By the twenty-first century, missile-firing small arms appeared to have reached the pinnacle of their development, and there was nothing on hand to replace them. The mass and velocity of projectiles could be juggled but they could not be increased in sum without a corresponding increase in recoil or backblast. Explosive bullets were very destructive on impact, but they had no penetration beyond the immediate blast radius. An explosive bullet might vaporize a leaf it hit near the muzzle as easily as the intended target downrange, and using explosives in heavy brush was worse than useless because it endangered the shooter.

Lasers, though they had air-defense applications, were not the infantryman's answer either. The problem with lasers was the power source. Guns store energy in the powder charge. A machine gun with one cartridge is just as effective—once—as it is with a thousand-round belt, so the ammunition load can be tailored to circumstances. Man-killing lasers required a four-hundred-kilo fusion unit to drive them. Hooking a laser on line with any less bulky energy source was of zero military effectiveness rather than lesser effectiveness.

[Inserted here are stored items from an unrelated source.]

lemma smult_add_right: "sm a (m + n) = sm a m + sm a n"
  using graded_module unfolding graded_module_def module_action_def by blast

lemma smult_mult: "sm (a * b) m = sm a (sm b m)"
  using graded_module unfolding graded_module_def module_action_def by blast

lemma smult_one: "sm 1 m = m"
  using graded_module unfolding graded_module_def module_action_def by blast

lemma smult_zero_left [simp]: "sm 0 m = 0"
  using smult_add_left[of 0 0 m] by simp

lemma smult_zero_right [simp]: "sm a 0 = 0"
  using smult_add_right[of a 0 0] by simp

lemma smult_diff_left: "sm (a - b) m = sm a m - sm b m"
  using smult_add_left[of "a - b" b m] by (simp add: algebra_simps)

lemma smult_sum_right: "sm r (sum f F) = (\<Sum>x\<in>F. sm r (f x))"
  by (induction F rule: infinite_finite_induct) (auto simp: smult_add_right)

lemma smult_Mg: "a \<in> Rg g \<Longrightarrow> m \<in> Mg h \<Longrightarrow> sm a m \<in> Mg (g + h)"
  using graded_module unfolding graded_module_def by blast

lemma direct_decomp_Mg: "direct_decomp Mg"
  using graded_module unfolding graded_module_def by blast

lemma hom_smult: "a \<in> hom Rg \<Longrightarrow> m \<in> hom Mg \<Longrightarrow> sm a m \<in> hom Mg"
  unfolding hom_def using smult_Mg by blast

lemma mem_colon_if_hom:
  assumes N: "add_subgroup N" and hom: "\<And>m. m \<in> hom Mg \<Longrightarrow> sm r m \<in> N"
  shows "r \<in> colon sm N"
  unfolding colon_def mem_Collect_eq
proof
  fix m
  obtain f where f: "finsupp f" "\<forall>g. f g \<in> Mg g" "m = gsum f"
    using direct_decomp_Mg by (rule direct_decompE)
  have "sm r m = (\<Sum>g | f g \<noteq> 0. sm r (f g))"
    unfolding f(3) gsum_def smult_sum_right ..
  also have "\<dots> \<in> N" using N by (rule add_subgroup_sum) (use hom f(2) in \<open>auto simp: hom_def\<close>)
  finally show "sm r m \<in> N" .
qed

lemma graded_ideal_colon:
  assumes N: "graded_submodule Mg sm N"
  shows "graded_ideal Rg (colon sm N)"
proof -
  have NS: "add_subgroup N" using N by (rule graded_submodule_add_subgroup)
  have "add_subgroup (colon sm N)"
    unfolding add_subgroup_def colon_def
    using NS by (auto simp: smult_add_left smult_diff_left add_subgroup_zero add_subgroup_add add_subgroup_diff)
  moreover have "\<forall>r. \<forall>x\<in>colon sm N. r * x \<in> colon sm N"
    unfolding colon_def using graded_submodule_smult[OF N] by (simp add: smult_mult mult.commute[of _ r for r])
  moreover have "\<exists>c. finsupp c \<and> (\<forall>g. c g \<in> Rg g \<inter> colon sm N) \<and> x = gsum c"
    if x: "x \<in> colon sm N" for x
  proof -
    obtain c where c: "finsupp c" "\<forall>g. c g \<in> Rg g" "x = gsum c"
      using direct_decomp_Rg by (rule direct_decompE)
    have "c g \<in> colon sm N" for g
    proof (rule mem_colon_if_hom[OF NS])
      fix m assume "m \<in> hom Mg"
      then obtain h where h: "m \<in> Mg h" unfolding hom_def by blast
      note shift = additive_gsum_shift[where f = "\<lambda>a. sm a m" and A = Rg and B = Mg and h = h,
          OF smult_add_left smult_zero_left smult_Mg[OF _ h] c(1,2)]
      obtain e where "finsupp e" "\<forall>g. e g \<in> Mg g \<inter> N" "sm x m = gsum e"
        using x graded_submodule_components[OF N] unfolding colon_def by blast
      then have "sm (c ((g + h) - h)) m \<in> N"
        using shift c(3) by (intro direct_decomp_component_mem[OF direct_decomp_Mg]) auto
      then show "sm (c g) m \<in> N" by simp
    qed
    then show ?thesis using c by blast
  qed
  ultimately show ?thesis unfolding graded_ideal_def by blast
qed

lemma graded_prime_ideal_colon:
  assumes P: "graded_prime_submodule Rg Mg sm P"
  shows "graded_prime_ideal Rg (colon sm P)"
proof -
  have P_graded: "graded_submodule Mg sm P" and "P \<noteq> UNIV"
    and P_prime: "\<And>r m. r \<in> hom Rg \<Longrightarrow> m \<in> hom Mg \<Longrightarrow> sm r m \<in> P \<Longrightarrow> m \<in> P \<or> r \<in> colon sm P"
    using P unfolding graded_prime_submodule_def by blast+
  have "1 \<notin> colon sm P" using \<open>P \<noteq> UNIV\<close> unfolding colon_def by (auto simp: smult_one)
  moreover have "b \<in> colon sm P"
    if "a \<in> hom Rg" "b \<in> hom Rg" "a * b \<in> colon sm P" "a \<notin> colon sm P" for a b
  proof (rule mem_colon_if_hom[OF graded_submodule_add_subgroup[OF P_graded]])
    fix m assume "m \<in> hom Mg"
    moreover have "sm a (sm b m) \<in> P" using that(3) unfolding colon_def by (simp add: smult_mult[symmetric])
    ultimately show "sm b m \<in> P" using P_prime hom_smult that by blast
  qed
  ultimately show ?thesis
    unfolding graded_prime_ideal_def using graded_ideal_colon[OF P_graded] by blast
qed

lemma graded_submodule_GrM: "graded_submodule Mg sm (GrM Rg Mg sm K)"
proof -
  let ?F = "{P. graded_prime_submodule Rg Mg sm P \<and> K \<subseteq> P}"
  have graded: "\<And>P. P \<in> ?F \<Longrightarrow> graded_submodule Mg sm P"
    unfolding graded_prime_submodule_def by blast
  have "add_subgroup (\<Inter>?F)"
    using graded_submodule_add_subgroup[OF graded] by (rule add_subgroup_Inter)
  moreover have "\<forall>r. \<forall>x\<in>\<Inter>?F. sm r x \<in> \<Inter>?F"
    using graded_submodule_smult[OF graded] by blast
  moreover have "\<exists>c. finsupp c \<and> (\<forall>g. c g \<in> Mg g \<inter> \<Inter>?F) \<and> x = gsum c" if x: "x \<in> \<Inter>?F" for x
  proof -
    obtain c where c: "finsupp c" "\<forall>g. c g \<in> Mg g" "x = gsum c"
      using direct_decomp_Mg by (rule direct_decompE)
    have "c g \<in> P" if P: "P \<in> ?F" for P g
    proof -
      obtain e where "finsupp e" "\<forall>g. e g \<in> Mg g \<inter> P" "x = gsum e"
        using graded_submodule_components[OF graded[OF P]] x P by blast
      then show ?thesis using c by (intro direct_decomp_component_mem[OF direct_decomp_Mg]) auto
    qed
    then show ?thesis using c by blast
  qed
  ultimately show ?thesis unfolding GrM_def graded_submodule_def by blast
qed

lemma colon_GrM:
  assumes Q: "graded_submodule Mg sm Q" and primeful: "graded_primeful Rg Mg sm Q"
  shows "colon sm (GrM Rg Mg sm Q) = graded_radical Rg (colon sm Q)"
proof -
  have "colon sm ` {P. graded_prime_submodule Rg Mg sm P \<and> Q \<subseteq> P}
      = {p. graded_prime_ideal Rg p \<and> colon sm Q \<subseteq> p}"
  proof
    show "colon sm ` {P. graded_prime_submodule Rg Mg sm P \<and> Q \<subseteq> P}
      \<subseteq> {p. graded_prime_ideal Rg p \<and> colon sm Q \<subseteq> p}"
      using graded_prime_ideal_colon unfolding colon_def by blast
    show "{p. graded_prime_ideal Rg p \<and> colon sm Q \<subseteq> p}
      \<subseteq> colon sm ` {P. graded_prime_submodule Rg Mg sm P \<and> Q \<subseteq> P}"
      using primeful unfolding graded_primeful_def by blast
  qed
  moreover have "colon sm (\<Inter>F) = \<Inter>(colon sm ` F)" for F by (auto simp: colon_def)
  ultimately show ?thesis
    unfolding GrM_def graded_radical_eq_Inter_primes[OF graded_ideal_colon[OF Q]] by simp
qed

lemma qpSpecD:
  assumes "Q \<in> qpSpec Rg Mg sm"
  shows "graded_submodule Mg sm Q" "Q \<noteq> UNIV" "graded_primeful Rg Mg sm Q"
    "\<And>r m. r \<in> hom Rg \<Longrightarrow> m \<in> hom Mg \<Longrightarrow> sm r m \<in> Q \<Longrightarrow>
        r \<in> graded_radical Rg (colon sm Q) \<or> m \<in> GrM Rg Mg sm Q"
  using assms unfolding qpSpec_def graded_quasi_primary_def by blast+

Science lent Death a hand in this impasse—as Science has always done, since the day the first wedge became the first knife. Thirty thousand residents of Saint-Pierre, Martinique, had been killed on May 8, 1902. The agent of their destruction was a "burning cloud" released during an eruption of Mount Peléée. Popular myth had attributed the deaths to normal volcanic phenomena, hot gases or ash like that which buried Pompeii; but even the most cursory examination of the evidence indicated that direct energy release had done the lethal damage. In 2073, Dr. Marie Weygand, heading a team under contract to Olin-Amerika, managed to duplicate the phenomenon.

The key had come from spectroscopic examination of pre-1902 lavas from Peléée's crater. The older rocks had shown inexplicable gaps among the metallic elements expected there. A year and a half of empirical research followed, guided more by Dr. Weygand's intuition than by the battery of scientific instrumentation her employers had rushed out at the first signs of success. The principle ultimately discovered was of little utility as a general power source—but then, Olin-Amerika had not been looking for a way to heat homes.

Weygand determined that metallic atoms of a fixed magnetic orientation could be converted directly into energy by the proper combination of heat, pressure, and intersecting magnetic fields. Old lava locks its rich metallic burden in a pattern dictated by the magnetic ambiance at the time the flow cools. At Peléée in 1902, the heavy Gauss loads of the new eruption made a chance alignment with the restressed lava of the crater's rim. Matter flashed into energy in a line dictated by the intersection, ripping other atoms free of the basalt matrix and converting them in turn. Below in Saint-Pierre, humans burned.

When the principle had been discovered, it remained only to refine its destructiveness. Experiments were held with different fuel elements and matrix materials. A copper-cobalt charge in a wafer of microporous polyurethane became the standard, since it appeared to give maximum energy release with the least tendency to scatter. Because the discharge was linear, there was no need of a tube to channel the force as a rifle's barrel does; but some immediate protection from air-induced scatter was necessary for a hand-held weapon. The best barrel material was iridium. Tungsten and osmium were even more refractory, but those elements absorbed a large component of the discharge instead of reflecting it as the iridium did.

To function in service, the new weapons needed to be cooled. Even if a white-hot barrel did not melt, the next charge certainly would vaporize before it could be fired. Liquified gas, generally nitrogen or one of the noble gases which would not themselves erode the metal, was therefore released into the bore after every shot. Multiple barrels, either rotating like those of a Gatling gun or fixed like those of the mitrailleuse, the Gatling's French contemporary, were used to achieve high rates of fire or to fire very high-intensity charges. Personal weapons were generally semiautomatic to keep weight and bulk within manageable limits. Submachine guns with large gas reservoirs to fire pistol charges had their uses and advocates, as their bullet-firing predecessors had.